The most important thing is that foreach will not incorrectly allocate struct enumerators on the heap causing garbage.  If you look at the List<T>.GetEnumerator function you see it returns a List<T>.Enumerator struct, this is fine.

Further to this, there are a number of classes in KSP that implement IEnumerable because they contain a standard collection type.  In the case of EditorPartListFilterList<T>, the GetEnumerator function is "correctly" declared as returning a  List<EditorPartListFilter<T>>.Enumerator struct so using foreach on it will not create garbage (with a decent compiler).  However, lots of the other classes declare GetEnumerator as returning an IEnumerator.  This is unfortunate as this is an interface, which follows the rules for classes and is allocated on the heap, so using foreach on these will create garbage, even with the very latest compilers.  The classes affected are:

  • ShipConstruct
  • BaseFieldList
  • PartModuleList
  • PartResourceList
  • PartResourceDefinitionList
  • RUI.Algorithms.Graph<T>
  • RUI.Algorithms.GraphList<T>

Note, while using foreach on these now does create garbage, they will almost certainly be fixed in the code cleanup for 1.2.

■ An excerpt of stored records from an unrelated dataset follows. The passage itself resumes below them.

(* Let $0\le\lambda<1$, let $Y_1,Y_2,\ldots$ be i.i.d. Poisson random variables with mean $\lambda$, and define $X=0$ if $Y_1=0$ and otherwise $X=\min\{z\ge1:\sum_{i=1}^{z}Y_i\le z\}$. Let $W=\max(X,1)$. Then $$\Pr(W=w)=\begin{cases}(\lambda+1)e^{-\lambda}, & w=1,\\ \dfrac{(w-1)^{w-2}}{w\,(w-2)!}\lambda^{w}e^{-w\lambda}, & w\ge2,\end{cases}$$ and, for $\lambda>0$, $$\mathbb{E}[W]=\frac{1}{\lambda}\mathbb{E}[X]=\frac{e^{-\lambda}}{1-\lambda}.$$
   Context: $\mathbb{E}[X]=\frac{\lambda}{1-\lambda}e^{-\lambda}$ is the mean of $X$; $W$ is the inter-renewal time of a modified renewal process in which every inter-decoding time of $0$ slots is replaced by $1$ slot. *)

theory Defs
  imports "HOL-Probability.Probability"
begin

text \<open>The random variable X of the paper: X = 0 if Y 1 = 0, otherwise the least
  z >= 1 with Y 1 + ... + Y z <= z.  (On the null event where no such z exists,
  LEAST yields an unspecified value.)\<close>
definition stop_time :: "(nat \<Rightarrow> 'a \<Rightarrow> nat) \<Rightarrow> 'a \<Rightarrow> nat" where
  "stop_time Y \<omega> = (if Y 1 \<omega> = 0 then 0
      else (LEAST z. 1 \<le> z \<and> (\<Sum>i=1..z. Y i \<omega>) \<le> z))"

end

theory Submission
  imports Defs
begin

The VesselCrewManifest class is a bit of a strange case, it declares GetEnumerator "correctly" as returning a  List<PartCrewManifest>.Enumerator, but using foreach on it still generates a considerable amount of garbage, as does calling any of the public functions in the class.  It turns out there isn't any useful way to use this class without generating large amounts of garbage but, again, this will almost certainly be fixed in 1.2 (though the interface to the class may need to change).